* AIM OF THE EXERCISE: Every line below must be given again exactly.

Excerpts from a dataset:
- - - -

lemma finite_tvars [simp]: "finite (tvars t)"
  by (induction t) auto

lemma tsubst_fixes_vars: "tsubst \<sigma> t = t \<Longrightarrow> x \<in> tvars t \<Longrightarrow> \<sigma> x = Var x"
proof (induction t)
  case (Fn f ts)
  then obtain u where u: "u \<in> set ts" "x \<in> tvars u"
    by auto
  from Fn.prems(1) have "map (tsubst \<sigma>) ts = map id ts"
    by simp
  with u(1) have "tsubst \<sigma> u = u"
    by (metis map_eq_conv id_apply)
  with Fn.IH u show ?case
    by blast
qed simp

lemma asubst_asubst: "asubst \<tau> (asubst \<sigma> a) = asubst (scomp \<sigma> \<tau>) a"
  by (cases a) (simp add: tsubst_tsubst)

lemma asubst_Var [simp]: "asubst Var a = a"
  by (cases a) (simp add: map_idI)

lemma asubst_cong: "(\<And>x. x \<in> avars a \<Longrightarrow> \<sigma> x = \<tau> x) \<Longrightarrow> asubst \<sigma> a = asubst \<tau> a"
  by (cases a) (auto intro: tsubst_cong)

lemma avars_asubst: "avars (asubst \<sigma> a) = (\<Union>x\<in>avars a. tvars (\<sigma> x))"
  by (cases a) (auto simp: tvars_tsubst)

lemma finite_avars [simp]: "finite (avars a)"
  by (cases a) auto

lemma avars_asubst_Var_comp: "avars (asubst (Var \<circ> f) a) = f ` avars a"
  by (auto simp: avars_asubst)

lemma scomp_Var_comp [simp]: "scomp (Var \<circ> f) (Var \<circ> g) = Var \<circ> (g \<circ> f)"
  by (simp add: scomp_def fun_eq_iff)

lemma bij_inv_cancel [simp]:
  assumes "bij m"
  shows "inv m (m x) = x" "m (inv m x) = x" "inv m \<circ> m = id" "m \<circ> inv m = id"
  using assms by (simp_all add: fun_eq_iff bij_is_inj bij_is_surj surj_f_inv_f)

lemma renaming_iff_permutation: "renaming \<rho> \<longleftrightarrow> (\<exists>\<pi>. permutation \<pi> \<and> \<rho> = Var \<circ> \<pi>)"
  by (simp add: renaming_def permutation)

lemma renaming_Var: "renaming Var"
  unfolding renaming_iff_permutation by (rule exI[of _ id]) simp

lemma renaming_scomp:
  assumes "renaming \<rho>" "renaming \<rho>'"
  shows "renaming (scomp \<rho> \<rho>')"
proof -
  obtain \<pi> \<pi>' where "permutation \<pi>" "permutation \<pi>'" "\<rho> = Var \<circ> \<pi>" "\<rho>' = Var \<circ> \<pi>'"
    using assms by (auto simp: renaming_iff_permutation)
  then show ?thesis
    unfolding renaming_iff_permutation by (auto intro: permutation_compose)
qed

lemma inj_on_extends_to_permutation:
  fixes f :: "'a \<Rightarrow> 'a"
  assumes "finite D" "inj_on f D"
  obtains \<pi> where "permutation \<pi>" "\<forall>x\<in>D. \<pi> x = f x"
proof -
  define B where "B = f ` D"
  have "finite B" "card B = card D"
    using assms by (simp_all add: B_def card_image)
  then have "card (B - D) = card (D - B)"
    using assms(1) by (metis Int_commute card_Diff_subset_Int finite_Int)
  then obtain h where h: "bij_betw h (B - D) (D - B)"
    using \<open>finite B\<close> assms(1) finite_same_card_bij by (meson finite_Diff)
  define \<pi> where "\<pi> x = (if x \<in> D then f x else if x \<in> B then h x else x)" for x
  have "bij_betw \<pi> (D \<union> (B - D)) (B \<union> (D - B))"
    unfolding \<pi>_def
    by (rule bij_betw_disjoint_Un) (use assms(2) h in \<open>auto simp: B_def bij_betw_def inj_on_def\<close>)
  then have "\<pi> permutes (D \<union> B)"
    by (intro bij_imp_permutes) (auto simp: \<pi>_def Un_commute)
  with assms(1) \<open>finite B\<close> have "permutation \<pi>"
    by (auto simp: permutation_permutes)
  then show thesis
    using that by (simp add: \<pi>_def)
qed

lemma inj_on_extends_to_permutation_avoiding:
  fixes g :: "nat \<Rightarrow> nat"
  assumes "finite B" "inj_on g B" "finite W" "B \<inter> W = {}" "finite F"
  obtains n where "permutation n" "\<forall>x\<in>B. n x = g x" "n ` W \<inter> F = {}"
proof -
  have "infinite (- (F \<union> g ` B))"
    using assms(1,5) by (simp add: Compl_eq_Diff_UNIV infinite_UNIV_nat)
  then obtain Z where Z: "finite Z" "card Z = card W" "Z \<subseteq> - (F \<union> g ` B)"
    using infinite_arbitrarily_large[of _ "card W"] by blast
  then obtain h where h: "bij_betw h W Z"
    using assms(3) finite_same_card_bij by metis
  define f where "f x = (if x \<in> B then g x else h x)" for x
  have "inj_on f (B \<union> W)"
    unfolding inj_on_Un
  proof (intro conjI)
    show "inj_on f B"
      using assms(2) by (simp add: f_def inj_on_def)
    show "inj_on f W"
      using h assms(4) by (auto simp: f_def inj_on_def bij_betw_def)
    have "f ` (W - B) \<subseteq> Z"
      using h by (auto simp: f_def bij_betw_def)
    then show "f ` (B - W) \<inter> f ` (W - B) = {}"
      using Z(3) by (auto simp: f_def)
  qed
  then obtain n where n: "permutation n" "\<forall>x\<in>B \<union> W. n x = f x"
    using inj_on_extends_to_permutation[OF finite_UnI[OF assms(1,3)]] by blast
  have "\<forall>x\<in>B. n x = g x"
    using n(2) by (simp add: f_def)
  moreover have "n ` W \<subseteq> Z"
    using n(2) h assms(4) by (auto simp: f_def bij_betw_def)
  then have "n ` W \<inter> F = {}"
    using Z(3) by blast
  ultimately show thesis
    using n(1) that by blast
qed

- - - -

* ANSWER BELOW:
lemma finite_tvars [simp]: "finite (tvars t)"
  by (induction t) auto

lemma tsubst_fixes_vars: "tsubst \<sigma> t = t \<Longrightarrow> x \<in> tvars t \<Longrightarrow> \<sigma> x = Var x"
proof (induction t)
  case (Fn f ts)
  then obtain u where u: "u \<in> set ts" "x \<in> tvars u"
    by auto
  from Fn.prems(1) have "map (tsubst \<sigma>) ts = map id ts"
    by simp
  with u(1) have "tsubst \<sigma> u = u"
    by (metis map_eq_conv id_apply)
  with Fn.IH u show ?case
    by blast
qed simp

lemma asubst_asubst: "asubst \<tau> (asubst \<sigma> a) = asubst (scomp \<sigma> \<tau>) a"
  by (cases a) (simp add: tsubst_tsubst)

lemma asubst_Var [simp]: "asubst Var a = a"
  by (cases a) (simp add: map_idI)

lemma asubst_cong: "(\<And>x. x \<in> avars a \<Longrightarrow> \<sigma> x = \<tau> x) \<Longrightarrow> asubst \<sigma> a = asubst \<tau> a"
  by (cases a) (auto intro: tsubst_cong)

lemma avars_asubst: "avars (asubst \<sigma> a) = (\<Union>x\<in>avars a. tvars (\<sigma> x))"
  by (cases a) (auto simp: tvars_tsubst)

lemma finite_avars [simp]: "finite (avars a)"
  by (cases a) auto

lemma avars_asubst_Var_comp: "avars (asubst (Var \<circ> f) a) = f ` avars a"
  by (auto simp: avars_asubst)

lemma scomp_Var_comp [simp]: "scomp (Var \<circ> f) (Var \<circ> g) = Var \<circ> (g \<circ> f)"
  by (simp add: scomp_def fun_eq_iff)

lemma bij_inv_cancel [simp]:
  assumes "bij m"
  shows "inv m (m x) = x" "m (inv m x) = x" "inv m \<circ> m = id" "m \<circ> inv m = id"
  using assms by (simp_all add: fun_eq_iff bij_is_inj bij_is_surj surj_f_inv_f)

lemma renaming_iff_permutation: "renaming \<rho> \<longleftrightarrow> (\<exists>\<pi>. permutation \<pi> \<and> \<rho> = Var \<circ> \<pi>)"
  by (simp add: renaming_def permutation)

lemma renaming_Var: "renaming Var"
  unfolding renaming_iff_permutation by (rule exI[of _ id]) simp

lemma renaming_scomp:
  assumes "renaming \<rho>" "renaming \<rho>'"
  shows "renaming (scomp \<rho> \<rho>')"
proof -
  obtain \<pi> \<pi>' where "permutation \<pi>" "permutation \<pi>'" "\<rho> = Var \<circ> \<pi>" "\<rho>' = Var \<circ> \<pi>'"
    using assms by (auto simp: renaming_iff_permutation)
  then show ?thesis
    unfolding renaming_iff_permutation by (auto intro: permutation_compose)
qed

lemma inj_on_extends_to_permutation:
  fixes f :: "'a \<Rightarrow> 'a"
  assumes "finite D" "inj_on f D"
  obtains \<pi> where "permutation \<pi>" "\<forall>x\<in>D. \<pi> x = f x"
proof -
  define B where "B = f ` D"
  have "finite B" "card B = card D"
    using assms by (simp_all add: B_def card_image)
  then have "card (B - D) = card (D - B)"
    using assms(1) by (metis Int_commute card_Diff_subset_Int finite_Int)
  then obtain h where h: "bij_betw h (B - D) (D - B)"
    using \<open>finite B\<close> assms(1) finite_same_card_bij by (meson finite_Diff)
  define \<pi> where "\<pi> x = (if x \<in> D then f x else if x \<in> B then h x else x)" for x
  have "bij_betw \<pi> (D \<union> (B - D)) (B \<union> (D - B))"
    unfolding \<pi>_def
    by (rule bij_betw_disjoint_Un) (use assms(2) h in \<open>auto simp: B_def bij_betw_def inj_on_def\<close>)
  then have "\<pi> permutes (D \<union> B)"
    by (intro bij_imp_permutes) (auto simp: \<pi>_def Un_commute)
  with assms(1) \<open>finite B\<close> have "permutation \<pi>"
    by (auto simp: permutation_permutes)
  then show thesis
    using that by (simp add: \<pi>_def)
qed

lemma inj_on_extends_to_permutation_avoiding:
  fixes g :: "nat \<Rightarrow> nat"
  assumes "finite B" "inj_on g B" "finite W" "B \<inter> W = {}" "finite F"
  obtains n where "permutation n" "\<forall>x\<in>B. n x = g x" "n ` W \<inter> F = {}"
proof -
  have "infinite (- (F \<union> g ` B))"
    using assms(1,5) by (simp add: Compl_eq_Diff_UNIV infinite_UNIV_nat)
  then obtain Z where Z: "finite Z" "card Z = card W" "Z \<subseteq> - (F \<union> g ` B)"
    using infinite_arbitrarily_large[of _ "card W"] by blast
  then obtain h where h: "bij_betw h W Z"
    using assms(3) finite_same_card_bij by metis
  define f where "f x = (if x \<in> B then g x else h x)" for x
  have "inj_on f (B \<union> W)"
    unfolding inj_on_Un
  proof (intro conjI)
    show "inj_on f B"
      using assms(2) by (simp add: f_def inj_on_def)
    show "inj_on f W"
      using h assms(4) by (auto simp: f_def inj_on_def bij_betw_def)
    have "f ` (W - B) \<subseteq> Z"
      using h by (auto simp: f_def bij_betw_def)
    then show "f ` (B - W) \<inter> f ` (W - B) = {}"
      using Z(3) by (auto simp: f_def)
  qed
  then obtain n where n: "permutation n" "\<forall>x\<in>B \<union> W. n x = f x"
    using inj_on_extends_to_permutation[OF finite_UnI[OF assms(1,3)]] by blast
  have "\<forall>x\<in>B. n x = g x"
    using n(2) by (simp add: f_def)
  moreover have "n ` W \<subseteq> Z"
    using n(2) h assms(4) by (auto simp: f_def bij_betw_def)
  then have "n ` W \<inter> F = {}"
    using Z(3) by blast
  ultimately show thesis
    using n(1) that by blast
qed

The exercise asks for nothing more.